_INSTRUCTIONS FOR THE TASK_. From the first line to the last, write out the records below exactly as they appear.

_THE DATA_.
(* Let $L=\{\ell_1,\dots,\ell_n\}$, $R=\{r_1,\dots,r_d\}$ and let $T_1,T_2$ be two compatible spanning trees of the complete bipartite graph on $L\sqcup R$, where $T_1$ has right degree vector $v$ and $T_2$ has right degree vector $v+e_p-e_q$ for some $p,q\in[d]$. Then $T_1\cap T_2$ contains a maximal tope with right degree vector $v-\mathbf{1}_{[d]\setminus\{p\}}$. Furthermore, if $\ell_s$ has degree $1$ in both $T_1$ and $T_2$, then $T_1$ and $T_2$ contain the same edge incident with $\ell_s$.
   Context: Graphs are identified with edge sets; right degree vector $=(\deg r_1,\dots,\deg r_d)$; $e_p$ is a standard unit vector and $\mathbf{1}_A$ the 0/1 indicator vector of $A\subseteq[d]$. Two graphs are compatible if for all $J\subseteq L$, $I\subseteq R$ such that both contain a perfect matching between $J$ and $I$, these perfect matchings are equal. A maximal tope with right degree vector $w$ is a bipartite graph on $L\sqcup R$ in which every node of $L$ has degree exactly $1$ and $r_i$ has degree $w_i$. *)

theory Defs
  imports Main
begin

text \<open>Bipartite graphs on L = {l_1..l_n} and R = {r_1..r_d} are edge sets
  G of pairs (i, j), meaning the edge l_i r_j, with i in {1..n}, j in {1..d}.
  Vertices are encoded as Inl i (for l_i) and Inr j (for r_j).\<close>

definition bip_graph :: "nat \<Rightarrow> nat \<Rightarrow> (nat \<times> nat) set \<Rightarrow> bool" where
  "bip_graph n d G \<longleftrightarrow> G \<subseteq> {1..n} \<times> {1..d}"

definition vertices :: "nat \<Rightarrow> nat \<Rightarrow> (nat + nat) set" where
  "vertices n d = Inl ` {1..n} \<union> Inr ` {1..d}"

definition adj :: "(nat \<times> nat) set \<Rightarrow> (nat + nat) \<Rightarrow> (nat + nat) \<Rightarrow> bool" where
  "adj G u v \<longleftrightarrow> (\<exists>i j. (i, j) \<in> G \<and> ((u = Inl i \<and> v = Inr j) \<or> (u = Inr j \<and> v = Inl i)))"

definition connected_on :: "nat \<Rightarrow> nat \<Rightarrow> (nat \<times> nat) set \<Rightarrow> bool" where
  "connected_on n d G \<longleftrightarrow>
     (\<forall>u\<in>vertices n d. \<forall>v\<in>vertices n d. (u, v) \<in> {(x, y). adj G x y}\<^sup>*)"

definition is_cycle :: "(nat \<times> nat) set \<Rightarrow> (nat + nat) list \<Rightarrow> bool" where
  "is_cycle G cs \<longleftrightarrow> length cs \<ge> 3 \<and> distinct cs \<and>
     (\<forall>k < length cs - 1. adj G (cs ! k) (cs ! Suc k)) \<and> adj G (last cs) (hd cs)"

definition acyclic_graph :: "(nat \<times> nat) set \<Rightarrow> bool" where
  "acyclic_graph G \<longleftrightarrow> \<not> (\<exists>cs. is_cycle G cs)"

definition spanning_tree :: "nat \<Rightarrow> nat \<Rightarrow> (nat \<times> nat) set \<Rightarrow> bool" where
  "spanning_tree n d T \<longleftrightarrow> bip_graph n d T \<and> connected_on n d T \<and> acyclic_graph T"

definition ldeg :: "(nat \<times> nat) set \<Rightarrow> nat \<Rightarrow> nat" where
  "ldeg G i = card {j. (i, j) \<in> G}"

definition rdeg :: "(nat \<times> nat) set \<Rightarrow> nat \<Rightarrow> nat" where
  "rdeg G j = card {i. (i, j) \<in> G}"

definition perfect_matching :: "(nat \<times> nat) set \<Rightarrow> nat set \<Rightarrow> nat set \<Rightarrow> (nat \<times> nat) set \<Rightarrow> bool" where
  "perfect_matching G J I M \<longleftrightarrow> M \<subseteq> G \<and> M \<subseteq> J \<times> I \<and>
     (\<forall>i\<in>J. \<exists>!j. (i, j) \<in> M) \<and> (\<forall>j\<in>I. \<exists>!i. (i, j) \<in> M)"

definition compatible :: "nat \<Rightarrow> nat \<Rightarrow> (nat \<times> nat) set \<Rightarrow> (nat \<times> nat) set \<Rightarrow> bool" where
  "compatible n d G1 G2 \<longleftrightarrow>
     (\<forall>J \<subseteq> {1..n}. \<forall>I \<subseteq> {1..d}. \<forall>M1 M2.
        perfect_matching G1 J I M1 \<and> perfect_matching G2 J I M2 \<longrightarrow> M1 = M2)"

definition maximal_tope :: "nat \<Rightarrow> nat \<Rightarrow> (nat \<Rightarrow> int) \<Rightarrow> (nat \<times> nat) set \<Rightarrow> bool" where
  "maximal_tope n d w H \<longleftrightarrow> bip_graph n d H \<and>
     (\<forall>i\<in>{1..n}. ldeg H i = 1) \<and> (\<forall>j\<in>{1..d}. int (rdeg H j) = w j)"

end

(*
  Rooting a spanning tree T at a right vertex r and giving every left vertex the first edge
  of its path to r yields a maximal tope inside T: each right vertex other than r loses
  exactly one edge, namely the one towards r. Rooting T1 at p and T2 at q gives two maximal
  topes with the same right degree vector v - 1_{[d]-{p}}. Two distinct maximal topes with
  equal right degrees, seen as maps f, g from L to R with equal fibre sizes, admit a nonempty
  set J of left vertices on which f and g are injective, differ everywhere and have the same
  image; they give two distinct perfect matchings between J and f(J), which compatibility
  forbids. So the two topes coincide, and a leaf of both trees keeps its unique edge in it.
*)
theory Submission
  imports Defs "HOL-Library.Transitive_Closure_Table"
begin

section \<open>Connectivity and bridges\<close>

abbreviation conn :: "(nat \<times> nat) set \<Rightarrow> nat + nat \<Rightarrow> nat + nat \<Rightarrow> bool" where
  "conn G \<equiv> (adj G)\<^sup>*\<^sup>*"

lemma adj_sym: "adj G u v \<longleftrightarrow> adj G v u"
  unfolding adj_def by blast

lemma adj_mono: "adj G u v \<Longrightarrow> G \<subseteq> G' \<Longrightarrow> adj G' u v"
  unfolding adj_def by blast

lemma adj_singleton:
  "adj {e} u v \<longleftrightarrow> (u = Inl (fst e) \<and> v = Inr (snd e)) \<or> (u = Inr (snd e) \<and> v = Inl (fst e))"
  unfolding adj_def by (cases e) auto

lemma adj_Diff_singleton: "adj G u v \<longleftrightarrow> adj (G - {e}) u v \<or> (e \<in> G \<and> adj {e} u v)"
  unfolding adj_def by blast

lemma conn_sym: "conn G x y \<Longrightarrow> conn G y x"
  using symp_rtranclp[of "adj G"] adj_sym by (metis sympD sympI)

lemma conn_mono: "conn G x y \<Longrightarrow> G \<subseteq> G' \<Longrightarrow> conn G' x y"
  by (metis adj_mono mono_rtranclp)

lemma spanning_tree_conn:
  assumes "spanning_tree n d T" "u \<in> vertices n d" "v \<in> vertices n d"
  shows "conn T u v"
  using assms unfolding spanning_tree_def connected_on_def by (simp add: rtranclp_rtrancl_eq)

_SOLUTION_.
(* Let $L=\{\ell_1,\dots,\ell_n\}$, $R=\{r_1,\dots,r_d\}$ and let $T_1,T_2$ be two compatible spanning trees of the complete bipartite graph on $L\sqcup R$, where $T_1$ has right degree vector $v$ and $T_2$ has right degree vector $v+e_p-e_q$ for some $p,q\in[d]$. Then $T_1\cap T_2$ contains a maximal tope with right degree vector $v-\mathbf{1}_{[d]\setminus\{p\}}$. Furthermore, if $\ell_s$ has degree $1$ in both $T_1$ and $T_2$, then $T_1$ and $T_2$ contain the same edge incident with $\ell_s$.
   Context: Graphs are identified with edge sets; right degree vector $=(\deg r_1,\dots,\deg r_d)$; $e_p$ is a standard unit vector and $\mathbf{1}_A$ the 0/1 indicator vector of $A\subseteq[d]$. Two graphs are compatible if for all $J\subseteq L$, $I\subseteq R$ such that both contain a perfect matching between $J$ and $I$, these perfect matchings are equal. A maximal tope with right degree vector $w$ is a bipartite graph on $L\sqcup R$ in which every node of $L$ has degree exactly $1$ and $r_i$ has degree $w_i$. *)

theory Defs
  imports Main
begin

text \<open>Bipartite graphs on L = {l_1..l_n} and R = {r_1..r_d} are edge sets
  G of pairs (i, j), meaning the edge l_i r_j, with i in {1..n}, j in {1..d}.
  Vertices are encoded as Inl i (for l_i) and Inr j (for r_j).\<close>

definition bip_graph :: "nat \<Rightarrow> nat \<Rightarrow> (nat \<times> nat) set \<Rightarrow> bool" where
  "bip_graph n d G \<longleftrightarrow> G \<subseteq> {1..n} \<times> {1..d}"

definition vertices :: "nat \<Rightarrow> nat \<Rightarrow> (nat + nat) set" where
  "vertices n d = Inl ` {1..n} \<union> Inr ` {1..d}"

definition adj :: "(nat \<times> nat) set \<Rightarrow> (nat + nat) \<Rightarrow> (nat + nat) \<Rightarrow> bool" where
  "adj G u v \<longleftrightarrow> (\<exists>i j. (i, j) \<in> G \<and> ((u = Inl i \<and> v = Inr j) \<or> (u = Inr j \<and> v = Inl i)))"

definition connected_on :: "nat \<Rightarrow> nat \<Rightarrow> (nat \<times> nat) set \<Rightarrow> bool" where
  "connected_on n d G \<longleftrightarrow>
     (\<forall>u\<in>vertices n d. \<forall>v\<in>vertices n d. (u, v) \<in> {(x, y). adj G x y}\<^sup>*)"

definition is_cycle :: "(nat \<times> nat) set \<Rightarrow> (nat + nat) list \<Rightarrow> bool" where
  "is_cycle G cs \<longleftrightarrow> length cs \<ge> 3 \<and> distinct cs \<and>
     (\<forall>k < length cs - 1. adj G (cs ! k) (cs ! Suc k)) \<and> adj G (last cs) (hd cs)"

definition acyclic_graph :: "(nat \<times> nat) set \<Rightarrow> bool" where
  "acyclic_graph G \<longleftrightarrow> \<not> (\<exists>cs. is_cycle G cs)"

definition spanning_tree :: "nat \<Rightarrow> nat \<Rightarrow> (nat \<times> nat) set \<Rightarrow> bool" where
  "spanning_tree n d T \<longleftrightarrow> bip_graph n d T \<and> connected_on n d T \<and> acyclic_graph T"

definition ldeg :: "(nat \<times> nat) set \<Rightarrow> nat \<Rightarrow> nat" where
  "ldeg G i = card {j. (i, j) \<in> G}"

definition rdeg :: "(nat \<times> nat) set \<Rightarrow> nat \<Rightarrow> nat" where
  "rdeg G j = card {i. (i, j) \<in> G}"

definition perfect_matching :: "(nat \<times> nat) set \<Rightarrow> nat set \<Rightarrow> nat set \<Rightarrow> (nat \<times> nat) set \<Rightarrow> bool" where
  "perfect_matching G J I M \<longleftrightarrow> M \<subseteq> G \<and> M \<subseteq> J \<times> I \<and>
     (\<forall>i\<in>J. \<exists>!j. (i, j) \<in> M) \<and> (\<forall>j\<in>I. \<exists>!i. (i, j) \<in> M)"

definition compatible :: "nat \<Rightarrow> nat \<Rightarrow> (nat \<times> nat) set \<Rightarrow> (nat \<times> nat) set \<Rightarrow> bool" where
  "compatible n d G1 G2 \<longleftrightarrow>
     (\<forall>J \<subseteq> {1..n}. \<forall>I \<subseteq> {1..d}. \<forall>M1 M2.
        perfect_matching G1 J I M1 \<and> perfect_matching G2 J I M2 \<longrightarrow> M1 = M2)"

definition maximal_tope :: "nat \<Rightarrow> nat \<Rightarrow> (nat \<Rightarrow> int) \<Rightarrow> (nat \<times> nat) set \<Rightarrow> bool" where
  "maximal_tope n d w H \<longleftrightarrow> bip_graph n d H \<and>
     (\<forall>i\<in>{1..n}. ldeg H i = 1) \<and> (\<forall>j\<in>{1..d}. int (rdeg H j) = w j)"

end

(*
  Rooting a spanning tree T at a right vertex r and giving every left vertex the first edge
  of its path to r yields a maximal tope inside T: each right vertex other than r loses
  exactly one edge, namely the one towards r. Rooting T1 at p and T2 at q gives two maximal
  topes with the same right degree vector v - 1_{[d]-{p}}. Two distinct maximal topes with
  equal right degrees, seen as maps f, g from L to R with equal fibre sizes, admit a nonempty
  set J of left vertices on which f and g are injective, differ everywhere and have the same
  image; they give two distinct perfect matchings between J and f(J), which compatibility
  forbids. So the two topes coincide, and a leaf of both trees keeps its unique edge in it.
*)
theory Submission
  imports Defs "HOL-Library.Transitive_Closure_Table"
begin

section \<open>Connectivity and bridges\<close>

abbreviation conn :: "(nat \<times> nat) set \<Rightarrow> nat + nat \<Rightarrow> nat + nat \<Rightarrow> bool" where
  "conn G \<equiv> (adj G)\<^sup>*\<^sup>*"

lemma adj_sym: "adj G u v \<longleftrightarrow> adj G v u"
  unfolding adj_def by blast

lemma adj_mono: "adj G u v \<Longrightarrow> G \<subseteq> G' \<Longrightarrow> adj G' u v"
  unfolding adj_def by blast

lemma adj_singleton:
  "adj {e} u v \<longleftrightarrow> (u = Inl (fst e) \<and> v = Inr (snd e)) \<or> (u = Inr (snd e) \<and> v = Inl (fst e))"
  unfolding adj_def by (cases e) auto

lemma adj_Diff_singleton: "adj G u v \<longleftrightarrow> adj (G - {e}) u v \<or> (e \<in> G \<and> adj {e} u v)"
  unfolding adj_def by blast

lemma conn_sym: "conn G x y \<Longrightarrow> conn G y x"
  using symp_rtranclp[of "adj G"] adj_sym by (metis sympD sympI)

lemma conn_mono: "conn G x y \<Longrightarrow> G \<subseteq> G' \<Longrightarrow> conn G' x y"
  by (metis adj_mono mono_rtranclp)

lemma spanning_tree_conn:
  assumes "spanning_tree n d T" "u \<in> vertices n d" "v \<in> vertices n d"
  shows "conn T u v"
  using assms unfolding spanning_tree_def connected_on_def by (simp add: rtranclp_rtrancl_eq)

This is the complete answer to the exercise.